Место, выбранное молодым мегарцем, оказалось удобным, но и довольно хлопотным. Все войны почему-то шли именно через эту, самую узкую часть Босфора; персидский царь Дарий ставил здесь свой мост из кораблей, идя на греков; через Византий возвращались домой десять тысяч греческих наемников Кира, прославленных Ксенофонтом; Спарта, дабы досадить Афинам, во что бы то ни стало стремилась разрушить Византий; Афины же, в свою очередь, чтобы донять Спарту, морили Византий голодом. Такова участь всех, кто оказывается на перепутье: к ним сплываются наибольшие богатства, но следом за ними идут те, которые хотели бы богатства прибрать к своим рукам. Если хочешь подольше продержаться, то будь либо могучим, чтобы дать отпор, либо хитрым. Византийцы еще не могли похвалиться могуществом, поэтому выбрали хитрость. Несколько столетий балансировали они между теми, кто послабее и посильнее, каждый раз принимая сторону победителя, и это давало им возможность не только уцелеть, но и расцветать, город разрастался, богател, и огонь Мегары, привезенный Византом под дырявым парусом, теперь полыхал над золотым треножником в беломраморной святыне.
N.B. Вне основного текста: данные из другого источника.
(* For all natural numbers $a,b$: - $O_{a+b}\prec E_{a+b}$; - $E_aO_b\prec E_{a+b}$; - $O_aE_b\prec E_{a+b}$; - $O_aO_b\prec O_{a+b}\prec E_aE_b$.
   Context: For natural numbers $c$, $E_c,O_c\in\mathbb{R}[x]$ are defined by $(u+1)^c=E_c(u^2)+uO_c(u^2)$. Relation $\prec$: for $A,B\in\mathbb{R}[x]$ with only real zeros, with zeros $\xi_1\le\cdots\le\xi_a$ of $A$ and $\theta_1\le\cdots\le\theta_b$ of $B$, $A\prec B$ means one of the following: - $\deg B=\deg A+1$ and $\theta_1\le\xi_1\le\theta_2\le\cdots\le\xi_a\le\theta_{a+1}$; - $\deg A=\deg B$ and $\xi_1\le\theta_1\le\cdots\le\xi_a\le\theta_a$. By convention $A\prec0$ and $0\prec A$ for any polynomial $A$ with only real zeros. *)

theory Defs
  imports "HOL-Computational_Algebra.Polynomial" Complex_Main
begin

text \<open>E_c and O_c, defined by (u+1)^c = E_c(u^2) + u O_c(u^2).
  Here pcompose p [:0,0,1:] is p(u^2).\<close>

definition E_poly :: "nat \<Rightarrow> real poly" where
  "E_poly c = (THE ev. \<exists>od. [:1,1:] ^ c = pcompose ev [:0,0,1:] + [:0,1:] * pcompose od [:0,0,1:])"

definition O_poly :: "nat \<Rightarrow> real poly" where
  "O_poly c = (THE od. \<exists>ev. [:1,1:] ^ c = pcompose ev [:0,0,1:] + [:0,1:] * pcompose od [:0,0,1:])"

text \<open>A real polynomial has only real zeros: every complex zero is real
  (the zero polynomial is handled separately by the convention in prec).\<close>

definition real_rooted :: "real poly \<Rightarrow> bool" where
  "real_rooted p \<longleftrightarrow> (\<forall>z::complex. poly (map_poly of_real p) z = 0 \<longrightarrow> z \<in> \<real>)"

definition zero_list :: "real poly \<Rightarrow> real list \<Rightarrow> bool" where
  "zero_list p xs \<longleftrightarrow> sorted xs \<and>
     p = smult (lead_coeff p) (\<Prod>x\<leftarrow>xs. [:-x, 1:])"

definition prec :: "real poly \<Rightarrow> real poly \<Rightarrow> bool" (infix "\<prec>\<^sub>p" 50) where
  "A \<prec>\<^sub>p B \<longleftrightarrow>
     (B = 0 \<and> (A = 0 \<or> real_rooted A)) \<or>
     (A = 0 \<and> (B = 0 \<or> real_rooted B)) \<or>
     (A \<noteq> 0 \<and> B \<noteq> 0 \<and> real_rooted A \<and> real_rooted B \<and>
      (\<exists>xs ys. zero_list A xs \<and> zero_list B ys \<and>
        ((degree B = degree A + 1 \<and>
           (\<forall>i<length xs. ys ! i \<le> xs ! i \<and> xs ! i \<le> ys ! (i + 1))) \<or>
         (degree A = degree B \<and>
           (\<forall>i<length xs. xs ! i \<le> ys ! i \<and>
              (i + 1 < length xs \<longrightarrow> ys ! i \<le> xs ! (i + 1)))))))"

end

theory Submission
  imports Defs
begin

text \<open>
  Substituting u = i tan t in (1 + u)^c = E_c(u^2) + u O_c(u^2) and multiplying by cos^c t gives,
  by de Moivre, cos^c t E_c(-tan^2 t) = cos (c t) and cos^c t tan t O_c(-tan^2 t) = sin (c t).
  Hence, with the map g(s) = -tan^2 (pi s), which is decreasing on [0, 1/2), the zeros of E_c are
  the simple zeros g((j + 1/2)/c) for 0 <= j < c/2, and those of O_c are g(k/c) for 1 <= k < c/2;
  the zeros of a product are parametrised by the union of the parameter multisets.
  Since g is decreasing, the interlacing of two zero lists follows from two inequalities between
  the numbers of parameters below (resp. at most) a threshold r in (0, 1/2). For E_c these numbers
  are ceil (c r - 1/2) and floor (c r + 1/2), for O_c they are ceil (c r) - 1 and floor (c r).
  With x = a r and y = b r every claim therefore reduces to
  ceil x + ceil y <= ceil (x + y) + 1, ceil (x + y) <= ceil x + ceil y and their floor analogues.
\<close>

section \<open>The polynomials E and O\<close>

definition even_binom_poly :: "nat \<Rightarrow> 'a::comm_ring_1 poly" where
  "even_binom_poly c = (\<Sum>k\<le>c. monom (of_nat (c choose (2*k))) k)"

definition odd_binom_poly :: "nat \<Rightarrow> 'a::comm_ring_1 poly" where
  "odd_binom_poly c = (\<Sum>k\<le>c. monom (of_nat (c choose (2*k+1))) k)"

lemma coeff_even_binom_poly: "coeff (even_binom_poly c) k = of_nat (c choose (2*k))"
  by (auto simp: even_binom_poly_def coeff_sum binomial_eq_0)

lemma coeff_odd_binom_poly: "coeff (odd_binom_poly c) k = of_nat (c choose (2*k+1))"
  by (auto simp: odd_binom_poly_def coeff_sum binomial_eq_0)

lemma coeff_pcompose_square:
  "coeff (pcompose p [:0,0,1:]) n = (if even n then coeff p (n div 2) else (0::'a::comm_ring_1))"
proof (induction p arbitrary: n)
  case (pCons a p)
  have "[:0,0,1:] * q = pCons 0 (pCons 0 q)" for q :: "'a poly"
    by simp
  with pCons.IH show ?case
    by (cases n; cases "n - 1") (auto simp: pcompose_pCons coeff_pCons)
qed simp

lemma coeff_binomial_power: "coeff ([:1,1:] ^ c :: 'a::comm_ring_1 poly) n = of_nat (c choose n)"
proof (cases "n \<le> c")
  case False
  have "degree ([:1,1:] ^ c :: 'a poly) \<le> c"
    by (rule order.trans[OF degree_power_le]) simp
  with False show ?thesis by (simp add: coeff_eq_0 binomial_eq_0)
qed (simp add: coeff_linear_poly_power)

lemma binomial_power_even_odd_split:
  "([:1,1:] ^ c :: 'a::comm_ring_1 poly) =
     pcompose (even_binom_poly c) [:0,0,1:] + [:0,1:] * pcompose (odd_binom_poly c) [:0,0,1:]"
proof (rule poly_eqI)
  fix n
  show "coeff ([:1,1:] ^ c :: 'a poly) n =
    coeff (pcompose (even_binom_poly c) [:0,0,1:] + [:0,1:] * pcompose (odd_binom_poly c) [:0,0,1:]) n"
    by (cases n) (auto simp: coeff_binomial_power coeff_pcompose_square coeff_even_binom_poly
        coeff_odd_binom_poly poly_0_coeff_0 elim!: oddE evenE)
qed

lemma even_odd_split_unique:
  fixes e d e' d' :: "'a::comm_ring_1 poly"
  assumes "pcompose e [:0,0,1:] + [:0,1:] * pcompose d [:0,0,1:] =
           pcompose e' [:0,0,1:] + [:0,1:] * pcompose d' [:0,0,1:]"
  shows "e = e'" and "d = d'"
proof -
  from assms have coeffs_eq: "coeff (pcompose e [:0,0,1:] + [:0,1:] * pcompose d [:0,0,1:]) n =
           coeff (pcompose e' [:0,0,1:] + [:0,1:] * pcompose d' [:0,0,1:]) n" for n
    by simp
  have "coeff e k = coeff e' k" for k
    using coeffs_eq[of "2*k"] by (cases k) (simp_all add: coeff_pCons coeff_pcompose_square poly_0_coeff_0)
  moreover have "coeff d k = coeff d' k" for k
    using coeffs_eq[of "2*k+1"] by (simp add: coeff_pcompose_square)
  ultimately show "e = e'" and "d = d'"
    by (auto intro: poly_eqI)
qed

lemma E_poly_eq: "E_poly c = even_binom_poly c"
  unfolding E_poly_def
proof (rule the_equality)
  show "\<exists>d. [:1,1:] ^ c = pcompose (even_binom_poly c) [:0,0,1:] + [:0,1:] * pcompose d [:0,0,1:]"
    using binomial_power_even_odd_split by blast
qed (metis binomial_power_even_odd_split even_odd_split_unique(1))

lemma O_poly_eq: "O_poly c = odd_binom_poly c"
  unfolding O_poly_def
proof (rule the_equality)
  show "\<exists>e. [:1,1:] ^ c = pcompose e [:0,0,1:] + [:0,1:] * pcompose (odd_binom_poly c) [:0,0,1:]"
    using binomial_power_even_odd_split by blast
qed (metis binomial_power_even_odd_split even_odd_split_unique(2))

lemma E_poly_0: "E_poly 0 = 1"
  by (simp add: E_poly_eq even_binom_poly_def)

lemma O_poly_0: "O_poly 0 = 0"
  by (simp add: O_poly_eq odd_binom_poly_def)

lemma poly_E_poly_0: "poly (E_poly c) 0 = 1"
  by (simp add: E_poly_eq poly_0_coeff_0 coeff_even_binom_poly)

lemma poly_O_poly_0: "poly (O_poly c) 0 = c"
  by (simp add: O_poly_eq poly_0_coeff_0 coeff_odd_binom_poly)

lemma degree_E_poly: "degree (E_poly c) \<le> c div 2"
  by (rule degree_le) (auto simp: E_poly_eq coeff_even_binom_poly binomial_eq_0)

lemma degree_O_poly: "degree (O_poly c) \<le> (c - 1) div 2"
  by (rule degree_le) (auto simp: O_poly_eq coeff_odd_binom_poly binomial_eq_0)

lemma binomial_power_even_odd_eval:
  fixes u :: "'a::comm_ring_1"
  shows "(1 + u) ^ c = poly (even_binom_poly c) (u^2) + u * poly (odd_binom_poly c) (u^2)"
proof -
  have "(1 + u) ^ c = poly ([:1,1:] ^ c) u"
    by (simp add: add.commute)
  also have "\<dots> = poly (pcompose (even_binom_poly c) [:0,0,1:] + [:0,1:] * pcompose (odd_binom_poly c) [:0,0,1:]) u"
    by (subst binomial_power_even_odd_split) (rule refl)
  finally show ?thesis
    by (simp add: poly_pcompose power2_eq_square)
qed

lemma poly_binom_poly_of_real:
  "poly (even_binom_poly c) (of_real x) = of_real (poly (even_binom_poly c) x)"
  "poly (odd_binom_poly c) (of_real x) = of_real (poly (odd_binom_poly c) x)"
  by (simp_all add: even_binom_poly_def odd_binom_poly_def poly_sum poly_monom)

lemma cos_power_binom_poly_tan:
  fixes x :: real
  assumes "cos x \<noteq> 0"
  shows "cos x ^ c * poly (even_binom_poly c) (- (tan x)\<^sup>2) = cos (real c * x)"
    and "cos x ^ c * tan x * poly (odd_binom_poly c) (- (tan x)\<^sup>2) = sin (real c * x)"
proof -
  define u where "u = \<i> * complex_of_real (tan x)"
  have u_sq: "u\<^sup>2 = of_real (- (tan x)\<^sup>2)"
    by (simp add: u_def power_mult_distrib)
  have binomial_expansion: "(1 + u) ^ c = of_real (poly (even_binom_poly c) (- (tan x)\<^sup>2))
      + u * of_real (poly (odd_binom_poly c) (- (tan x)\<^sup>2))"
    using binomial_power_even_odd_eval[of u c] by (simp only: u_sq poly_binom_poly_of_real)
  have "of_real (cos x) * (1 + u) = cis x"
    using assms by (simp add: u_def tan_def complex_eq_iff)
  then have "cis (real c * x) = (of_real (cos x) * (1 + u)) ^ c"
    by (simp add: DeMoivre)
  also have "\<dots> = of_real (cos x ^ c) * (1 + u) ^ c"
    by (simp add: power_mult_distrib)
  also have "\<dots> = Complex (cos x ^ c * poly (even_binom_poly c) (- (tan x)\<^sup>2))
                           (cos x ^ c * tan x * poly (odd_binom_poly c) (- (tan x)\<^sup>2))"
    unfolding binomial_expansion by (simp add: complex_eq_iff u_def)
  finally show "cos x ^ c * poly (even_binom_poly c) (- (tan x)\<^sup>2) = cos (real c * x)"
    and "cos x ^ c * tan x * poly (odd_binom_poly c) (- (tan x)\<^sup>2) = sin (real c * x)"
    by (simp_all add: complex_eq_iff)
qed

section \<open>Polynomials with a given multiset of real roots\<close>

lemma poly_eq_prod_of_zeros:
  fixes p :: "'a::idom poly"
  assumes "p \<noteq> 0" "finite S" "degree p \<le> card S" "\<And>x. x \<in> S \<Longrightarrow> poly p x = 0"
  shows "p = smult (lead_coeff p) (\<Prod>x\<in>S. [:-x, 1:])"
  using assms(2,1,3,4)
proof (induction S arbitrary: p rule: finite_induct)
  case empty
  then show ?case
    by (metis degree_0_id card.empty le_zero_eq prod.empty smult_one)
next
  case (insert x S)
  obtain q where p: "p = [:-x, 1:] * q"
    using insert.prems(3) by (meson dvdE insertI1 poly_eq_0_iff_dvd)
  with insert.prems have "q \<noteq> 0" "degree q \<le> card S"
    by (auto simp: degree_mult_eq insert.hyps simp del: mult_pCons_left)
  moreover have "poly q y = 0" if "y \<in> S" for y
    using insert.prems(3)[of y] that insert.hyps(2) p by auto
  ultimately have "q = smult (lead_coeff q) (\<Prod>x\<in>S. [:-x, 1:])"
    using insert.IH by blast
  with p have "p = smult (lead_coeff q) ([:-x, 1:] * (\<Prod>x\<in>S. [:-x, 1:]))"
    by (metis mult_smult_right)
  moreover have "lead_coeff p = lead_coeff q"
    using p by (simp add: lead_coeff_mult del: mult_pCons_left)
  ultimately show ?case
    using insert.hyps by (metis prod.insert)
qed

definition splits_with_roots :: "real poly \<Rightarrow> real multiset \<Rightarrow> bool" where
  "splits_with_roots p Z \<longleftrightarrow> p \<noteq> 0 \<and> p = smult (lead_coeff p) (\<Prod>z\<in>#Z. [:-z, 1:])"

lemma splits_with_rootsD:
  assumes "splits_with_roots p Z"
  shows "p \<noteq> 0" and "p = smult (lead_coeff p) (\<Prod>z\<in>#Z. [:-z, 1:])"
  using assms unfolding splits_with_roots_def by blast+

lemma splits_with_roots_of_zeros:
  assumes "p \<noteq> 0" "finite A" "inj_on f A" "degree p \<le> card A"
    and "\<And>a. a \<in> A \<Longrightarrow> poly p (f a) = 0"
  shows "splits_with_roots p (image_mset f (mset_set A))"
proof -
  have "p = smult (lead_coeff p) (\<Prod>x\<in>f ` A. [:-x, 1:])"
    using assms by (intro poly_eq_prod_of_zeros) (auto simp: card_image)
  then show ?thesis
    using assms(1,3) by (simp add: splits_with_roots_def image_mset_mset_set prod_unfold_prod_mset)
qed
Но однажды византийцы просчитались. В войне между двумя римскими цезарями – Септимием Севером и Песцинием Нигром – избрали последнего, но более сильным оказался Септимий, в жилах которого текла дикая кровь дакийцев. Как ни яростно сопротивлялись византийцы (из женских волос изготовляли тетиву для луков, голодая, ели убитых), все равно Септимий захватил город, уничтожил оставшихся в живых жителей, разрушил все здания, велел повалить стены. Казалось, мегарский огонь угас навсегда. Однако тот же самый Септимий Север через некоторое время заново построил Византий, ибо невозможно было пренебречь таким важным местом; но по-настоящему город поднялся лишь во времена императора Константина, который решил перенести сюда столицу Римской империи и назвал город Новым Римом. Константин не принадлежал к ангелам, – он был настоящим римским императором, о чем можно судить хотя бы по тому, как казнил он по навету своей второй жены Фавсты родного сына Криспа и двенадцатилетнего сына своей сестры, а потом, узнав, что это была клевета, велел и саму Фавсту утопить в ванне с кипятком. Византий видел жестокость и раньше, но это была чужая жестокость, теперь он имел своего собственного императора, а чего только не стерпишь, лишь бы иметь у себя властелина… Ибо положение столицы имеет множество преимуществ, и прежде всего – это непременное и бесспорное право на расцвет. Константин построил дворцы, храмы, бани, акведуки, форумы, Августей, ипподром; из Олимпии, Дельф, из Коринфа и Афин брали статуи, колонны, мозаики, все, что только возможно было перенести, сооружали особых размеров корабли, чтобы переправить эти сокровища в новую столицу; разграбили до основания древние храмы Артемиды, Афродиты и Гекаты. Держа в руках копье, Константин провел им полукруг между Пропонтидой и Золотым Рогом, указывая, где именно должна пройти новая стена, которая защищала бы город от всех опасностей; проложена была главная улица Меса с огромными форумами, украшенная колоннами и статуями, на ближайшем к дворцу форуме, который впоследствии получил название форума Константина, была установлена вывезенная из Греции багряная колонна с бронзовой статуей Аполлона, обращенного лицом на восток. В правой руке Аполлон держал скипетр, а в левой – бронзовый шар как символ властвования над всей землей. А внизу на колонне была высечена надпись: «Господи Иисусе Христе, охраняй наш город».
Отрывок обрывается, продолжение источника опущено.